I'm looking for some advice about the best way to move my house and starting batteries from their present location in the bilge to someplace higher and dryer. My baba does not have a berth behind the nav station. Any ideas?


----------



## Barquito (Dec 5, 2007)

Hi Stan. Welcome to SailNet! Cool Perry boat. It's too bad the original location is not working out. Other than being wetter, it seems like such an ideal place to have heavy batteries. I assume you have looked into ways to keep the bilge dry, or the battery sealed?


----------



## stancox (May 2, 2011)

Well, not really. I have an a/c unit that drains condensate into a sump that never seems to work, so the entire bilge is always wet. I have also taken on water due to a cracked cockpit drain hose, and the batteries got submerged pretty quickly.
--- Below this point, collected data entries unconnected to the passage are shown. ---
(* Let $m\ge0$ and let $\phi_1,\dots,\phi_m$ be anticommuting variables. Let $\mathcal E:\mathscr R\to\mathbb Q(\alpha)[X,Y][\phi_1,\dots,\phi_m]$ be the algebra homomorphism determined by $$\mathcal E(p_n)=X\ (n\ge1),\qquad \mathcal E(\tilde p_n)=\sum_{i=1}^m\phi_i\,h_Y(n+i-m)\ (n\ge0),$$ where $h_Y(r)=\binom{Y+r-1}{r}$ for $r>0$, $h_Y(0)=1$ and $h_Y(r)=0$ for $r<0$. Then for every $f\in\mathscr R$ homogeneous of fermionic degree $m$ and every integer $N\ge m$, $$\mathcal E(f)\big|_{X=N,\,Y=m}=\phi_1\cdots\phi_m\,E_{N,m}(f).$$
   Context: Superfunctions: $x_i$ commuting, $\theta_i$ anticommuting ($\theta_i\theta_j=-\theta_j\theta_i$, $\theta_i^2=0$, commuting with the $x_j$); coefficients in $\mathbb Q(\alpha)$. For a superpartition $\Lambda=(\Lambda_1,\dots,\Lambda_m;\Lambda_{m+1},\dots,\Lambda_\ell)$ ($\Lambda_1>\dots>\Lambda_m\ge0$, $\Lambda_{m+1}\ge\dots\ge\Lambda_\ell>0$), the monomial $m_\Lambda(x_1,\dots,x_N;\theta_1,\dots,\theta_N)=\frac{1}{n_\Lambda!}\sum_{\sigma\in S_N}\theta_{\sigma(1)}\cdots\theta_{\sigma(m)}x_{\sigma(1)}^{\Lambda_1}\cdots x_{\sigma(N)}^{\Lambda_N}$ (with $\Lambda_i=0$ for $i>\ell$, $n_\Lambda!=\prod_{i\ge1}n_{\Lambda^s}(i)!$, $n_{\Lambda^s}(i)$ the number of parts of $(\Lambda_{m+1},\dots,\Lambda_\ell)$ equal to $i$). $\mathscr R$ is the (super)algebra spanned by the inverse limits of these monomials; for $f\in\mathscr R$, $f(x_1,\dots,x_N;\theta_1,\dots,\theta_N)$ denotes the restriction to $N$ variables. Power sums $p_n=\sum_ix_i^n$ ($n\ge1$), $\tilde p_n=\sum_i\theta_ix_i^n$ ($n\ge0$); the products $p_\Lambda=\tilde p_{\Lambda_1}\cdots\tilde p_{\Lambda_m}p_{\Lambda_{m+1}}\cdots p_{\Lambda_\ell}$ form a basis of $\mathscr R$; the $\tilde p_n$ are odd and the $p_n$ even, and $\mathcal E$ respects this grading. Evaluation: for $F$ symmetric in $x_1,\dots,x_N,\theta_1,\dots,\theta_N$ (simultaneous permutations), homogeneous of degree $m\le N$ in $\theta$, write $F=\sum_{i_1<\dots<i_m}\theta_{i_1}\cdots\theta_{i_m}f_{i_1\dots i_m}(x)$ and set $E_{N,m}(F)=\bigl[f_{1\dots m}(x)/\prod_{1\le i<j\le m}(x_i-x_j)\bigr]_{x_1=\dots=x_N=1}$; for $f\in\mathscr R$, $E_{N,m}(f)=E_{N,m}(f(x_1,\dots,x_N;\theta_1,\dots,\theta_N))$. *)

theory Defs
  imports Main "HOL-Library.Poly_Mapping"
begin

type_synonym 'k mpoly = "(nat \<Rightarrow>\<^sub>0 nat) \<Rightarrow>\<^sub>0 'k"

definition mvar :: "nat \<Rightarrow> 'k::comm_ring_1 mpoly" where
  "mvar i = Poly_Mapping.single (Poly_Mapping.single i 1) 1"

definition mconst :: "'k::comm_ring_1 \<Rightarrow> 'k mpoly" where
  "mconst c = Poly_Mapping.single 0 c"

definition meval :: "(nat \<Rightarrow> 'k::comm_ring_1) \<Rightarrow> 'k mpoly \<Rightarrow> 'k" where
  "meval a p = (\<Sum>\<mu>\<in>Poly_Mapping.keys p. Poly_Mapping.lookup p \<mu> * (\<Prod>i\<in>Poly_Mapping.keys \<mu>. a i ^ Poly_Mapping.lookup \<mu> i))"

text \<open>An element of the Grassmann algebra over 'r with anticommuting generators
  t_0, t_1, ... is represented by its coefficient function: G S is the
  coefficient of the ordered product t_{s1} t_{s2} ... t_{sk} (s1 < ... < sk)
  where S = {s1,...,sk}.  Only finite S are relevant.\<close>

type_synonym 'r grass = "nat set \<Rightarrow> 'r"

definition gsign :: "nat set \<Rightarrow> nat set \<Rightarrow> 'r::comm_ring_1" where
  "gsign A B = (-1) ^ card {(a, b). a \<in> A \<and> b \<in> B \<and> b < a}"

definition gmul :: "'r::comm_ring_1 grass \<Rightarrow> 'r grass \<Rightarrow> 'r grass" where
  "gmul F G = (\<lambda>S. \<Sum>A\<in>Pow S. gsign A (S - A) * F A * G (S - A))"

definition gone :: "'r::comm_ring_1 grass" where
  "gone = (\<lambda>S. if S = {} then 1 else 0)"

definition gscal :: "'r::comm_ring_1 \<Rightarrow> 'r grass" where
  "gscal c = (\<lambda>S. if S = {} then c else 0)"

definition ggen :: "nat \<Rightarrow> 'r::comm_ring_1 grass" where
  "ggen i = (\<lambda>S. if S = {i} then 1 else 0)"

definition gprod_list :: "'r::comm_ring_1 grass list \<Rightarrow> 'r grass" where
  "gprod_list xs = foldr gmul xs gone"

definition gmap :: "('r \<Rightarrow> 's) \<Rightarrow> 'r grass \<Rightarrow> 's grass" where
  "gmap h F = (\<lambda>S. h (F S))"

text \<open>A superpartition (Lambda_1,...,Lambda_m; Lambda_{m+1},...,Lambda_l) is a pair
  (a, b) of lists: a = fermionic parts (strictly decreasing, entries >= 0),
  b = bosonic parts (weakly decreasing, entries > 0).\<close>

definition superpartition :: "nat list \<times> nat list \<Rightarrow> bool" where
  "superpartition L \<longleftrightarrow> sorted_wrt (>) (fst L) \<and> sorted_wrt (\<ge>) (snd L) \<and> (\<forall>k\<in>set (snd L). k > 0)"

definition ferm_deg :: "nat list \<times> nat list \<Rightarrow> nat" where
  "ferm_deg L = length (fst L)"

text \<open>Restriction to N variables x_0..x_{N-1}, theta_0..theta_{N-1}:
  superpolynomials are Grassmann elements (generators theta_i) with
  coefficients in the polynomial ring in x_0,x_1,...\<close>

definition pN :: "nat \<Rightarrow> nat \<Rightarrow> 'k::comm_ring_1 mpoly grass" where
  "pN N n = gscal (\<Sum>i<N. mvar i ^ n)"

definition ptN :: "nat \<Rightarrow> nat \<Rightarrow> 'k::comm_ring_1 mpoly grass" where
  "ptN N n = (\<lambda>S. \<Sum>i<N. (ggen i :: 'k mpoly grass) S * mvar i ^ n)"

definition pLN :: "nat \<Rightarrow> nat list \<times> nat list \<Rightarrow> 'k::comm_ring_1 mpoly grass" where
  "pLN N L = gprod_list (map (ptN N) (fst L) @ map (pN N) (snd L))"

definition superfun_restr ::
  "(nat list \<times> nat list) set \<Rightarrow> (nat list \<times> nat list \<Rightarrow> 'k::comm_ring_1) \<Rightarrow> nat \<Rightarrow> 'k mpoly grass" where
  "superfun_restr Supp c N = (\<lambda>S. \<Sum>L\<in>Supp. mconst (c L) * pLN N L S)"
definition ppair :: "'a gallery \<Rightarrow> 'a gallery \<Rightarrow> (nat \<Rightarrow> nat) \<Rightarrow> bool" where
  "ppair \<Delta> \<Gamma> p \<longleftrightarrow> strict_mono_on {1..glen \<Delta>} p \<and> p ` {1..glen \<Delta>} \<subseteq> {1..glen \<Gamma>}
     \<and> (\<forall>i\<in>{1..glen \<Delta>}. wall \<Gamma> (p i) = wall \<Delta> i)"

definition positive_sign :: "'a::euclidean_space gallery \<Rightarrow> 'a gallery \<Rightarrow> (nat \<Rightarrow> nat) \<Rightarrow> bool" where
  "positive_sign \<Delta> \<Gamma> p \<longleftrightarrow>
     (\<forall>i\<in>{1..glen \<Delta>}. \<not> separates (wall \<Delta> i) (chamber \<Delta> i) (chamber \<Gamma> (p i)))"

definition positive_cosign :: "'a::euclidean_space gallery \<Rightarrow> 'a gallery \<Rightarrow> (nat \<Rightarrow> nat) \<Rightarrow> bool" where
  "positive_cosign \<Delta> \<Gamma> p \<longleftrightarrow>
     (\<forall>i\<in>{1..glen \<Delta>}. \<not> separates (wall \<Delta> i) (chamber \<Delta> (i - 1)) (chamber \<Gamma> (p i - 1)))"

end

theory Submission
  imports Defs
begin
I was wondering about moving the battery bank up under the settee and converting the space in the bilge into a fresh water tank (currently located under the settee). Was wondering what other Baba owners may have done.


----------



## UPHILL (Dec 22, 2010)

I have 2 group 27 batt. under my chart table seat. I also have a quaterberth set up. I am not really sure where else you could put more batteries, besides the bilge.


----------



## krisscross (Feb 22, 2013)

Have you looked at tall batteries? Some of these would elevate battery terminals quite a bit, AND increase your capacity.


----------